Когда некоторые знакомые, как Каутский и его жена, которых я навестил, узнали, что я готовлюсь ехать в Россию, они стали усиленно меня уговаривать остаться в Германии, где и мне и жене предлагали заработок. Мне указывали на то, что сейчас в России нечего делать, что Россия находится уже в состоянии блокады, что там полно бедствий. Обращали внимание и на мое здоровье… Все это было верно и, если угодно, меня манила возможность беспечального существования в Германии. Но вставало и другое. Остаться — это значит, дезертировать, бросать своих, свою родину в то время, когда она находится в бедствии. Это казалось мне каким то предательством, побегом с поля битвы. И я остался при своем решении…
Таким образом, 3-го июня 1919 года мы отправились в путь в Россию. С нами ехали, кроме освобожденного Коновалова, также профессор Депп и еще одна молодая барышня, по подданству немка, ехавшая в Москву для устройства каких то своих личных дел.
На вокзал меня явились провожать, кроме Е. К. Нейдекер, Оскар Кон и Гаазе, с которым мы долго беседовали на темы партийной платформы независимых note 147социалистов. И в последнюю минуту Кон дал мне рекомендательную карточку в Ковно одному из своих друзей, литовскому министру финансов. И эта карточка сослужила нам большую службу.
Я должен был, согласно предписание мин. ин. дел, остановиться в Ковно, чтобы получить там разные указания о дальнейшем маршруте от германского посланника Верди. Когда я явился к нему, он принял меня очень грубо и сказал резко, что я должен ехать на Вильно. Я выслушал его, получил нужные документы и затем отправился разыскивать министра финансов, к которому у меня была карточка от Оскара Кона.
Он встретил меня очень участливо и любезно. Он категорически отверг мысль ехать на Вильно и предложил подождать в Ковно, пока он наведет необходимые справки и обеспечит нам безопасный проезд. И на всякий случай он дал мне свою карточку, которая должна была гарантировать нас от всякого рода могущих быть эксцессов.
В литовской республике, только недавно еще отделившейся от России, положение было еще весьма неопределенное. Страна была еще под немецкой оккупацией. Немцы грубо попирали независимость Литвы, и собственное ее правительство было связано по рукам и ногам. К тому же Литва находилась в состоянии войны с РСФСР. Все это, вместе взятое вносило изрядную путаницу и бестолочь в жизнь.

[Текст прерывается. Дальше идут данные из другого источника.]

lemma dfun_s_iter_x0_bounds:
  shows "dfun (s_iter 0 x\<^sub>0) - 1 \<le> dfac_of_omega 6.63" "dfun (s_iter 1 x\<^sub>0) - 1 \<le> dfac_of_omega 2.377194"
    and "dfun (s_iter 2 x\<^sub>0) - 1 \<le> dfac_of_omega 1.185128"
    and "dfac_of_omega 28.684978 \<le> dfun (s_iter (-1) x\<^sub>0) - 1"
    and "dfac_of_omega 419.764015 \<le> dfun (s_iter (-2) x\<^sub>0) - 1"
    and "dfac_of_omega 88109.413418 \<le> dfun (s_iter (-3) x\<^sub>0) - 1"
proof -
  note pos = s_iter_pos[OF x0_pos] and fwd = omega_s_iter_x0_forward and bwd = omega_s_iter_x0_backward
  have w0: "omega (s_iter 0 x\<^sub>0) \<le> 6.63" using omega_x0 by simp
  show "dfun (s_iter 0 x\<^sub>0) - 1 \<le> dfac_of_omega 6.63" "dfun (s_iter 1 x\<^sub>0) - 1 \<le> dfac_of_omega 2.377194"
    "dfun (s_iter 2 x\<^sub>0) - 1 \<le> dfac_of_omega 1.185128"
    "dfac_of_omega 28.684978 \<le> dfun (s_iter (-1) x\<^sub>0) - 1"
    "dfac_of_omega 419.764015 \<le> dfun (s_iter (-2) x\<^sub>0) - 1"
    "dfac_of_omega 88109.413418 \<le> dfun (s_iter (-3) x\<^sub>0) - 1"
    by (rule dfun_le_dfac[OF pos w0] dfun_le_dfac[OF pos fwd(2)] dfun_le_dfac[OF pos fwd(4)]
        dfac_le_dfun[OF pos _ bwd(1)] dfac_le_dfun[OF pos _ bwd(3)] dfac_le_dfun[OF pos _ bwd(4)]; simp)+
qed

lemma orbit_sum_cfun_x0_ge:
  "cfac_of_omega 6.63 + cfac_of_omega 6.63 * cfac_of_omega 2.377193
     + cfac_of_omega 6.63 * cfac_of_omega 2.377193 * cfac_of_omega 1.185127
     + cfac_of_omega 6.63 * cfac_of_omega 2.377193 * cfac_of_omega 1.185127 * cfac_of_omega 1.004178
     + (1 + 1 / cfac_of_omega 28.684979) \<le> orbit_sum cfun x\<^sub>0"
proof -
  let ?f = "\<lambda>k. cfun (s_iter k x\<^sub>0) - 1" and ?P = "orbit_prod cfun x\<^sub>0"
  note f = cfun_s_iter_x0_bounds
  have c: "0 \<le> cfac_of_omega 6.63" "0 \<le> cfac_of_omega 2.377193" "0 \<le> cfac_of_omega 1.185127"
    "0 \<le> cfac_of_omega 1.004178" "0 < cfac_of_omega 28.684979"
    by (simp_all add: cfac_of_omega_def)
  have P: "?P 0 = ?f 0" "?P 1 = ?P 0 * ?f 1" "?P 2 = ?P 1 * ?f 2" "?P 3 = ?P 2 * ?f 3"
    "?P (-2) = 1 / ?f (-1)"
    using c_weight.orbit_prod_succ[OF x0_pos, of "-1"] c_weight.orbit_prod_succ[OF x0_pos, of 0]
      c_weight.orbit_prod_succ[OF x0_pos, of 1] c_weight.orbit_prod_succ[OF x0_pos, of 2]
      c_weight.orbit_prod_succ[OF x0_pos, of "-2"] c_weight.factor_pos[OF x0_pos, of "-1"]
    by (simp_all add: field_simps)
  have f_nonneg: "0 \<le> ?f k" and P_nonneg: "0 \<le> ?P k" for k
    using c_weight.factor_pos[OF x0_pos, of k] c_weight.orbit_prod_pos[OF x0_pos, of k] by simp_all
  have p1: "cfac_of_omega 6.63 * cfac_of_omega 2.377193 \<le> ?P 1"
    unfolding P using f c f_nonneg by (intro mult_mono) auto
  have p2: "cfac_of_omega 6.63 * cfac_of_omega 2.377193 * cfac_of_omega 1.185127 \<le> ?P 2"
    unfolding P(3) using p1 f c f_nonneg P_nonneg by (intro mult_mono) auto
  have p3: "cfac_of_omega 6.63 * cfac_of_omega 2.377193 * cfac_of_omega 1.185127 * cfac_of_omega 1.004178 \<le> ?P 3"
    unfolding P(4) using p2 f c f_nonneg P_nonneg by (intro mult_mono) auto
  have "?P 0 + ?P 1 + ?P 2 + ?P 3 \<le> (\<Sum>n. ?P (int n))"
    using sum_le_suminf[OF c_weight.summable_orbit_prod(1)[OF x0_pos], of "{..<4}"] P_nonneg
    by (simp add: eval_nat_numeral)
  moreover have "?P (-1) + ?P (-2) \<le> (\<Sum>n. ?P (- int (Suc n)))"
    using sum_le_suminf[OF c_weight.summable_orbit_prod(2)[OF x0_pos], of "{..<2}"] P_nonneg
    by (simp add: eval_nat_numeral)
  moreover have "1 / cfac_of_omega 28.684979 \<le> ?P (-2)"
    unfolding P(5) using f(5) c(5) c_weight.factor_pos[OF x0_pos, of "-1"] by (intro divide_left_mono) auto
  ultimately show ?thesis
    using c_weight.orbit_sum_eq[OF x0_pos] P(1) f(1) p1 p2 p3 by simp
qed

lemma orbit_sum_dfun_x0_le:
  "orbit_sum dfun x\<^sub>0 \<le> dfac_of_omega 6.63 + dfac_of_omega 6.63 * dfac_of_omega 2.377194 / (1 - dfac_of_omega 1.185128)
     + (1 + 1 / dfac_of_omega 28.684978
        + 1 / dfac_of_omega 28.684978 / dfac_of_omega 419.764015 / (1 - 1 / dfac_of_omega 88109.413418))"
proof -
  let ?g = "\<lambda>k. dfun (s_iter k x\<^sub>0) - 1" and ?Q = "orbit_prod dfun x\<^sub>0"
  have g_pos: "0 < ?g k" for k by (rule d_weight.factor_pos[OF x0_pos])
  have Q_succ: "?Q (k + 1) = ?Q k * ?g (k + 1)" for k by (rule d_weight.orbit_prod_succ[OF x0_pos])
  note g = dfun_s_iter_x0_bounds
  define q M where "q = dfac_of_omega 1.185128" and "M = dfac_of_omega 88109.413418"
  have qM: "q < 1" "1 < M" by (simp_all add: q_def M_def dfac_of_omega_def power2_eq_square)
  have tail_pos: "(\<Sum>n. ?Q (int (n + 1))) \<le> ?Q 1 / (1 - q)"
    using d_weight.suminf_orbit_prod_tail_pos_le[OF x0_pos _ qM(1), of 1] g(3) by (simp add: q_def)
  have tail_neg: "(\<Sum>n. ?Q (- int (Suc (n + 2)))) \<le> ?Q (-3) / (1 - 1 / M)"
    using d_weight.suminf_orbit_prod_tail_neg_le[OF x0_pos _ qM(2), of 2] g(6) by (simp add: M_def)
  have U: "(\<Sum>n. ?Q (int n)) = ?Q 0 + (\<Sum>n. ?Q (int (n + 1)))"
    using suminf_split_head[OF d_weight.summable_orbit_prod(1)[OF x0_pos]] by simp
  have V: "(\<Sum>n. ?Q (- int (Suc n))) = 1 + ?Q (-2) + (\<Sum>n. ?Q (- int (Suc (n + 2))))"
    using suminf_split_initial_segment[OF d_weight.summable_orbit_prod(2)[OF x0_pos], of 2]
    by (simp add: eval_nat_numeral)
  have Q: "?Q 0 = ?g 0" "?Q 1 = ?g 0 * ?g 1" using Q_succ[of "-1"] Q_succ[of 0] by simp_all
  have Qm: "?Q (-2) = 1 / ?g (-1)" "?Q (-3) = ?Q (-2) / ?g (-2)"
    using Q_succ[of "-2"] Q_succ[of "-3"] g_pos[of "-1"] g_pos[of "-2"] by (simp_all add: eq_divide_eq)
  have "?Q 1 / (1 - q) \<le> dfac_of_omega 6.63 * dfac_of_omega 2.377194 / (1 - q)"
    unfolding Q using g g_pos qM
    by (intro divide_right_mono mult_mono) (auto intro: less_imp_le simp: dfac_of_omega_def)
  moreover have d: "0 < dfac_of_omega 28.684978" "0 < dfac_of_omega 419.764015"
    by (simp_all add: dfac_of_omega_def)
  then have g1: "1 / ?g (-1) \<le> 1 / dfac_of_omega 28.684978"
    using g(4) g_pos[of "-1"] by (intro divide_left_mono mult_pos_pos) auto
  moreover have "1 / ?g (-1) / ?g (-2) \<le> 1 / dfac_of_omega 28.684978 / dfac_of_omega 419.764015"
    by (rule divide_mono[OF g(5) g1]) (use d g_pos[of "-1"] in auto)
  then have "?Q (-3) / (1 - 1 / M) \<le> 1 / dfac_of_omega 28.684978 / dfac_of_omega 419.764015 / (1 - 1 / M)"
    unfolding Qm(2) Qm(1) using qM by (intro divide_right_mono) auto
  ultimately show ?thesis
    using d_weight.orbit_sum_eq[OF x0_pos] U V tail_pos tail_neg g(1) Q(1) Qm(1)
    unfolding q_def[symmetric] M_def[symmetric] by linarith
qed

И потянулись долгие дни сидения у моря. Я почти ежедневно видался с моим покровителем, министром финансов, фамилию которого я совершенно забыл, помню лишь, что его звали Михаилом Васильевичем. Мы часто беседовали с ним. Он в свою очередь беседовал с другими членами правительства о нашей note 148дальнейшей судьбе, но никак не мог заручиться достаточными гарантиями нашей безопасности в пути.

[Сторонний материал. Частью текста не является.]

lemma card_V_eq: "card V = card common + 2 * card only_u + card outside"
proof -
  have "card (nbhd u \<union> nbhd v) + card common = 2 * degree V E u"
    using card_Un_Int[OF finite_nbhd finite_nbhd, of u v] same_degree
    by (simp add: common_def degree_eq_card_nbhd)
  moreover have "card V = card (nbhd u \<union> nbhd v) + card outside"
  proof -
    have "nbhd u \<union> nbhd v \<subseteq> V"
      by (auto simp: nbhd_def)
    then show ?thesis
      using card_Diff_subset[OF finite_subset[OF _ finite_V]] card_mono[OF finite_V]
      by (simp add: outside_def)
  qed
  ultimately show ?thesis
    using card_only_u_add_card_common by linarith
qed

lemma card_outside_add_two_le: "card outside + 2 \<le> card common"
  using card_V_eq high_degree card_only_u_add_card_common by linarith

lemma V_eq: "V = common \<union> only_u \<union> only_v \<union> outside"
  by (auto simp: common_def only_u_def only_v_def outside_def nbhd_def)

lemma common_adj:
  assumes "w \<in> common" "E w y"
  shows "y = u \<or> y = v \<or> y \<in> outside"
proof (rule ccontr)
  assume "\<not> ?thesis"
  then have y: "y \<noteq> u" "y \<noteq> v" and "E u y \<or> E v y"
    using adj_in_V[OF assms(2)] by (auto simp: outside_def nbhd_def)
  have "E u w" "E v w"
    using assms(1) by (auto simp: common_def nbhd_def)
  then have w: "w \<noteq> u" "w \<noteq> v" "w \<noteq> y"
    using adj_neq assms(2) by auto
  from \<open>E u y \<or> E v y\<close> show False
  proof
    assume "E u y"
    have "distinct [v, w, y, u]"
      using y w u_neq_v by auto
    then have "degree V E v \<noteq> degree V E u"
      by (rule path3_ends_degree_neq[OF \<open>E v w\<close> assms(2) adj_sym[OF \<open>E u y\<close>]])
    then show False
      using same_degree by simp
  next
    assume "E v y"
    have "distinct [u, w, y, v]"
      using y w u_neq_v by auto
    then have "degree V E u \<noteq> degree V E v"
      by (rule path3_ends_degree_neq[OF \<open>E u w\<close> assms(2) adj_sym[OF \<open>E v y\<close>]])
    then show False
      using same_degree by simp
  qed
qed

lemma not_adj_u_v: "\<not> E u v"
proof
  assume "E u v"
  have degree_range: "degree V E w \<in> {2..card outside + 2}" if "w \<in> common" for w
  proof -
    have "{u, v} \<subseteq> nbhd w"
      using that adj_sym u_in_V v_in_V by (auto simp: common_def nbhd_def)
    then have lower: "card {u, v} \<le> card (nbhd w)"
      by (rule card_mono[OF finite_nbhd])
    have "nbhd w \<subseteq> {u, v} \<union> outside"
      using common_adj[OF that] by (auto simp: nbhd_def)
    then have "card (nbhd w) \<le> card ({u, v} \<union> outside)"
      by (rule card_mono[rotated]) (simp add: finite_parts)
    also have "\<dots> \<le> card {u, v} + card outside"
      by (rule card_Un_le)
    finally show ?thesis
      using lower u_neq_v by (simp add: degree_eq_card_nbhd)
  qed
  have "inj_on (degree V E) common"
  proof (rule inj_onI, rule ccontr)
    fix w1 w2
    assume w: "w1 \<in> common" "w2 \<in> common" "degree V E w1 = degree V E w2" "w1 \<noteq> w2"
    then have "E w1 u" "E v w2" "E u w2" "E v w1"
      using adj_sym by (auto simp: common_def nbhd_def)
    then have "distinct [w1, u, v, w2]"
      using adj_neq w(4) u_neq_v by auto
    then have "degree V E w1 \<noteq> degree V E w2"
      by (rule path3_ends_degree_neq[OF \<open>E w1 u\<close> \<open>E u v\<close> \<open>E v w2\<close>])
    then show False
      using w(3) by simp
  qed
  then have "card common = card (degree V E ` common)"
    by (simp add: card_image)
  also have "\<dots> \<le> card {2..card outside + 2}"
    using degree_range by (intro card_mono) auto
  finally show False
    using card_outside_add_two_le by simp
qed

lemma u_in_outside: "u \<in> outside"
  using u_in_V adj_irrefl not_adj_u_v adj_sym by (auto simp: outside_def nbhd_def)

lemma v_in_outside: "v \<in> outside"
  using v_in_V adj_irrefl not_adj_u_v by (auto simp: outside_def nbhd_def)

lemma nbhd_common_subset: "w \<in> common \<Longrightarrow> nbhd w \<subseteq> outside"
  using common_adj u_in_outside v_in_outside by (auto simp: nbhd_def)

lemma exclusive_nbhd_adj:
  assumes "{a, b} = {u, v}" "x \<in> nbhd a - nbhd b" "E x y"
  shows "y \<notin> nbhd b \<and> y \<noteq> b"
proof -
  have "a \<noteq> b" "degree V E a = degree V E b" "\<not> E a b"
    using assms(1) u_neq_v same_degree not_adj_u_v adj_sym by (auto simp: doubleton_eq_iff)
  have "E a x" "\<not> E b x" "x \<in> V"
    using assms(2) by (auto simp: nbhd_def)
  then have "y \<noteq> b"
    using assms(3) adj_sym by blast
  moreover have "y \<notin> nbhd b"
  proof
    assume "y \<in> nbhd b"
    then have "E y b"
      using adj_sym by (simp add: nbhd_def)
    then have "distinct [a, x, y, b]"
      using adj_neq \<open>E a x\<close> assms(3) \<open>a \<noteq> b\<close> \<open>\<not> E a b\<close> by auto
    then have "degree V E a \<noteq> degree V E b"
      by (rule path3_ends_degree_neq[OF \<open>E a x\<close> assms(3) \<open>E y b\<close>])
    then show False
      using \<open>degree V E a = degree V E b\<close> by simp
  qed
  ultimately show ?thesis
    by blast
qed

lemma only_u_adj: "x \<in> only_u \<Longrightarrow> E x y \<Longrightarrow> y \<notin> nbhd v \<and> y \<noteq> v"
  using exclusive_nbhd_adj[of u v] by (simp add: only_u_def)

lemma only_v_adj: "x \<in> only_v \<Longrightarrow> E x y \<Longrightarrow> y \<notin> nbhd u \<and> y \<noteq> u"
  using exclusive_nbhd_adj[of v u] by (simp add: only_v_def insert_commute)

lemma common_same_degree_nonadjacent:
  assumes "w1 \<in> common" "w2 \<in> common" "w1 \<noteq> w2" "card (nbhd w1) = card (nbhd w2)"
    and "a \<in> nbhd w1" "b \<in> nbhd w2"
  shows "\<not> E a b"
proof
  assume "E a b"
  have "E w1 a" "E b w2"
    using assms(5,6) adj_sym by (auto simp: nbhd_def)
  have "a \<notin> common" "b \<notin> common"
    using nbhd_common_subset assms(1,2,5,6) by (auto simp: outside_def common_def)
  then have "distinct [w1, a, b, w2]"
    using assms(1-3) adj_neq \<open>E w1 a\<close> \<open>E a b\<close> \<open>E b w2\<close> by auto
  then have "degree V E w1 \<noteq> degree V E w2"
    by (rule path3_ends_degree_neq[OF \<open>E w1 a\<close> \<open>E a b\<close> \<open>E b w2\<close>])
  then show False
    using assms(4) by (simp add: degree_eq_card_nbhd)
qed

lemma arc_count_common_outside: "arc_count E common outside = (\<Sum>w\<in>common. card (nbhd w))"
  unfolding arc_count_def
proof (rule sum.cong)
  fix w
  assume "w \<in> common"
  then have "{y\<in>outside. E w y} = nbhd w"
    using nbhd_common_subset[of w] by (auto simp: nbhd_def outside_def)
  then show "card {y\<in>outside. E w y} = card (nbhd w)"
    by simp
qed simp

lemma common_outside_arcs_le:
  "2 * arc_count E common outside + arc_count E outside outside
    \<le> 2 * (card common * card outside)"
  using sum_card_arc_count_le[OF finite_parts(1,4) nbhd_common_subset
      common_same_degree_nonadjacent card_outside_add_two_le]
  by (simp add: arc_count_common_outside mult.assoc)

lemma common_outside_arcs_eq:
  assumes "2 * arc_count E common outside + arc_count E outside outside
    = 2 * (card common * card outside)"
  shows "\<forall>a\<in>outside. \<forall>b\<in>outside. \<not> E a b" and "\<And>w. w \<in> common \<Longrightarrow> nbhd w = outside"
  using sum_card_arc_count_eqD[OF finite_parts(1,4) nbhd_common_subset
      common_same_degree_nonadjacent card_outside_add_two_le] assms
  by (simp_all add: arc_count_common_outside mult.assoc)

lemma only_u_arcs_le: "arc_count E only_u only_u + card only_u \<le> card only_u * card only_u"
  by (rule arc_count_add_card_le) (use finite_parts adj_irrefl in auto)

lemma only_u_outside_arcs_le:
  "arc_count E only_u outside + card only_u \<le> card only_u * card outside"
  by (rule arc_count_add_card_le) (use finite_parts v_in_outside only_u_adj in auto)

lemma only_v_arcs_le: "arc_count E only_v only_v + card only_v \<le> card only_v * card only_v"
  by (rule arc_count_add_card_le) (use finite_parts adj_irrefl in auto)

lemma only_v_outside_arcs_le:
  "arc_count E only_v outside + card only_v \<le> card only_v * card outside"
  by (rule arc_count_add_card_le) (use finite_parts u_in_outside only_v_adj in auto)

— Конечно, — говорил он, — я могу хоть сейчас получить для вас открытый лист для вашего беспрепятственного проезда по стране, но у меня нет ни малейшей уверенности в том, что какой-нибудь шалый поручик не велит приставить вас к стенке и расстрелять… ведь вы сами видите, какая бестолочь творится у нас!
Наша молодая страна переживает понятный кризис, дисциплины нет, каждый делает, что ему угодно… Оккупация, да и война с Советской Россией… Мы еще слабы, надо подождать…
Сидение в Ковно было тяжелым, да и не безопасным. Ко всякого рода лишениям прибавлялись еще и неприятности, исходившие от властей. К нам по ночам несколько раз являлись в гостиницу, где мы жили, как в концентрационном лагере, какие то военные власти, производили обыски, допросы, проверяли документы. Подозрительно осматривали все, обнаруживая свое полное невежество. Так, помню, однажды при таком посещении начальник отряда, какой то поручик, обратился ко мне с вопросом:
— Вы говорите, что оружия у вас нет, а это что такое?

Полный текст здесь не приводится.